- [YOUR TASK]: All entries are to be repeated exactly as shown below.

[Dataset entries]
(* Let $M\ge 2$ be an integer and $\varepsilon>0$. There exists a task set $\mathbf{T}$ (with $N=M^2-M+1$ tasks, all sharing one binary semaphore) such that, letting $OPT$ be the minimum makespan of $\mathbf{T}$ on $M$ processors over all feasible schedules, the following hold for every dependency graph $G^*$ of $\mathbf{T}$ with minimum critical path length: (i) every feasible schedule of $G^*$ on $M$ processors (under any paradigm, including global preemptive) has makespan at least $\left(2-\frac{2}{M}+\frac{1}{M^2}-\varepsilon\right)OPT$; (ii) every feasible semi-partitioned or partitioned schedule of $G^*$ on $M$ processors has makespan at least $\left(2-\frac{1}{M}-\varepsilon\right)OPT$. Hence the dependency graph approach, even with both steps solved optimally, has approximation ratio at least $2-\frac{2}{M}+\frac{1}{M^2}$ in general and at least $2-\frac{1}{M}$ under partitioned or semi-partitioned scheduling.
   Context: Task model: there are $M$ identical processors and a set $\mathbf{T}$ of $N$ tasks. Each task $\tau_i$ releases exactly one job at time $0$, consisting of three subjobs that must be executed sequentially in this order: a first non-critical section of execution time $C_{i,1}\ge 0$, a critical section of execution time $A_{i,1}\ge 0$ guarded by a binary semaphore $\sigma_i\in\{s_1,\dots,s_z\}$, and a second non-critical section of execution time $C_{i,2}\ge 0$. A job may never execute on two processors at the same time. Critical sections guarded by the same semaphore must be executed mutually exclusively. The makespan of a schedule is the completion time of the last job. A global schedule may preempt and migrate arbitrarily; in a semi-partitioned schedule each subjob executes entirely on one processor; in a partitioned schedule all subjobs of a job execute on one processor. Dependency graph: a dependency graph $G$ of $\mathbf{T}$ is a directed graph whose vertices are the $3N$ subjobs $C_{i,1},A_{i,1},C_{i,2}$, weighted by their execution times, containing the edges $(C_{i,1},A_{i,1})$ and $(A_{i,1},C_{i,2})$ for every $i$, and, for each semaphore $s_k$ with $\mathbf{T}_k=\{\tau_i:\sigma_i=s_k\}$, a total order $\pi_k$ on $\mathbf{T}_k$ together with the edges $(A_{i,1},A_{j,1})$ whenever $\pi_k(\tau_i)=\pi_k(\tau_j)-1$ (no other edges). The length of a path is the sum of the weights of its vertices; $len(G)$ is the maximum length of a path in $G$. $G^*$ denotes a dependency graph minimizing $len(G)$. A feasible schedule of $G$ is a schedule of $\mathbf{T}$ in which every subjob starts only after all its predecessors in $G$ have completed. *)

theory Defs
  imports Complex_Main
begin

text \<open>Subjobs of task i: first non-critical section, critical section,
  second non-critical section.\<close>
datatype subjob = Pre nat | Crit nat | Post nat

fun task_of :: "subjob \<Rightarrow> nat" where
  "task_of (Pre i) = i" | "task_of (Crit i) = i" | "task_of (Post i) = i"

text \<open>A task set: tasks 0 ..< ntasks; execution times C_{i,1}, A_{i,1}, C_{i,2};
  semaphore index of the critical section of each task.\<close>
record taskset =
  ntasks :: nat
  cpre   :: "nat \<Rightarrow> real"
  crit   :: "nat \<Rightarrow> real"
  cpost  :: "nat \<Rightarrow> real"
  sema   :: "nat \<Rightarrow> nat"

definition valid_taskset :: "taskset \<Rightarrow> bool" where
  "valid_taskset T \<longleftrightarrow>
     (\<forall>i < ntasks T. cpre T i \<ge> 0 \<and> crit T i \<ge> 0 \<and> cpost T i \<ge> 0)"

fun wcet :: "taskset \<Rightarrow> subjob \<Rightarrow> real" where
  "wcet T (Pre i) = cpre T i" | "wcet T (Crit i) = crit T i" | "wcet T (Post i) = cpost T i"

definition subjobs :: "taskset \<Rightarrow> subjob set" where
  "subjobs T = {v. task_of v < ntasks T}"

- [EXERCISE RESULT]:
(* Let $M\ge 2$ be an integer and $\varepsilon>0$. There exists a task set $\mathbf{T}$ (with $N=M^2-M+1$ tasks, all sharing one binary semaphore) such that, letting $OPT$ be the minimum makespan of $\mathbf{T}$ on $M$ processors over all feasible schedules, the following hold for every dependency graph $G^*$ of $\mathbf{T}$ with minimum critical path length: (i) every feasible schedule of $G^*$ on $M$ processors (under any paradigm, including global preemptive) has makespan at least $\left(2-\frac{2}{M}+\frac{1}{M^2}-\varepsilon\right)OPT$; (ii) every feasible semi-partitioned or partitioned schedule of $G^*$ on $M$ processors has makespan at least $\left(2-\frac{1}{M}-\varepsilon\right)OPT$. Hence the dependency graph approach, even with both steps solved optimally, has approximation ratio at least $2-\frac{2}{M}+\frac{1}{M^2}$ in general and at least $2-\frac{1}{M}$ under partitioned or semi-partitioned scheduling.
   Context: Task model: there are $M$ identical processors and a set $\mathbf{T}$ of $N$ tasks. Each task $\tau_i$ releases exactly one job at time $0$, consisting of three subjobs that must be executed sequentially in this order: a first non-critical section of execution time $C_{i,1}\ge 0$, a critical section of execution time $A_{i,1}\ge 0$ guarded by a binary semaphore $\sigma_i\in\{s_1,\dots,s_z\}$, and a second non-critical section of execution time $C_{i,2}\ge 0$. A job may never execute on two processors at the same time. Critical sections guarded by the same semaphore must be executed mutually exclusively. The makespan of a schedule is the completion time of the last job. A global schedule may preempt and migrate arbitrarily; in a semi-partitioned schedule each subjob executes entirely on one processor; in a partitioned schedule all subjobs of a job execute on one processor. Dependency graph: a dependency graph $G$ of $\mathbf{T}$ is a directed graph whose vertices are the $3N$ subjobs $C_{i,1},A_{i,1},C_{i,2}$, weighted by their execution times, containing the edges $(C_{i,1},A_{i,1})$ and $(A_{i,1},C_{i,2})$ for every $i$, and, for each semaphore $s_k$ with $\mathbf{T}_k=\{\tau_i:\sigma_i=s_k\}$, a total order $\pi_k$ on $\mathbf{T}_k$ together with the edges $(A_{i,1},A_{j,1})$ whenever $\pi_k(\tau_i)=\pi_k(\tau_j)-1$ (no other edges). The length of a path is the sum of the weights of its vertices; $len(G)$ is the maximum length of a path in $G$. $G^*$ denotes a dependency graph minimizing $len(G)$. A feasible schedule of $G$ is a schedule of $\mathbf{T}$ in which every subjob starts only after all its predecessors in $G$ have completed. *)

theory Defs
  imports Complex_Main
begin

text \<open>Subjobs of task i: first non-critical section, critical section,
  second non-critical section.\<close>
datatype subjob = Pre nat | Crit nat | Post nat

fun task_of :: "subjob \<Rightarrow> nat" where
  "task_of (Pre i) = i" | "task_of (Crit i) = i" | "task_of (Post i) = i"

text \<open>A task set: tasks 0 ..< ntasks; execution times C_{i,1}, A_{i,1}, C_{i,2};
  semaphore index of the critical section of each task.\<close>
record taskset =
  ntasks :: nat
  cpre   :: "nat \<Rightarrow> real"
  crit   :: "nat \<Rightarrow> real"
  cpost  :: "nat \<Rightarrow> real"
  sema   :: "nat \<Rightarrow> nat"

definition valid_taskset :: "taskset \<Rightarrow> bool" where
  "valid_taskset T \<longleftrightarrow>
     (\<forall>i < ntasks T. cpre T i \<ge> 0 \<and> crit T i \<ge> 0 \<and> cpost T i \<ge> 0)"

fun wcet :: "taskset \<Rightarrow> subjob \<Rightarrow> real" where
  "wcet T (Pre i) = cpre T i" | "wcet T (Crit i) = crit T i" | "wcet T (Post i) = cpost T i"

definition subjobs :: "taskset \<Rightarrow> subjob set" where
  "subjobs T = {v. task_of v < ntasks T}"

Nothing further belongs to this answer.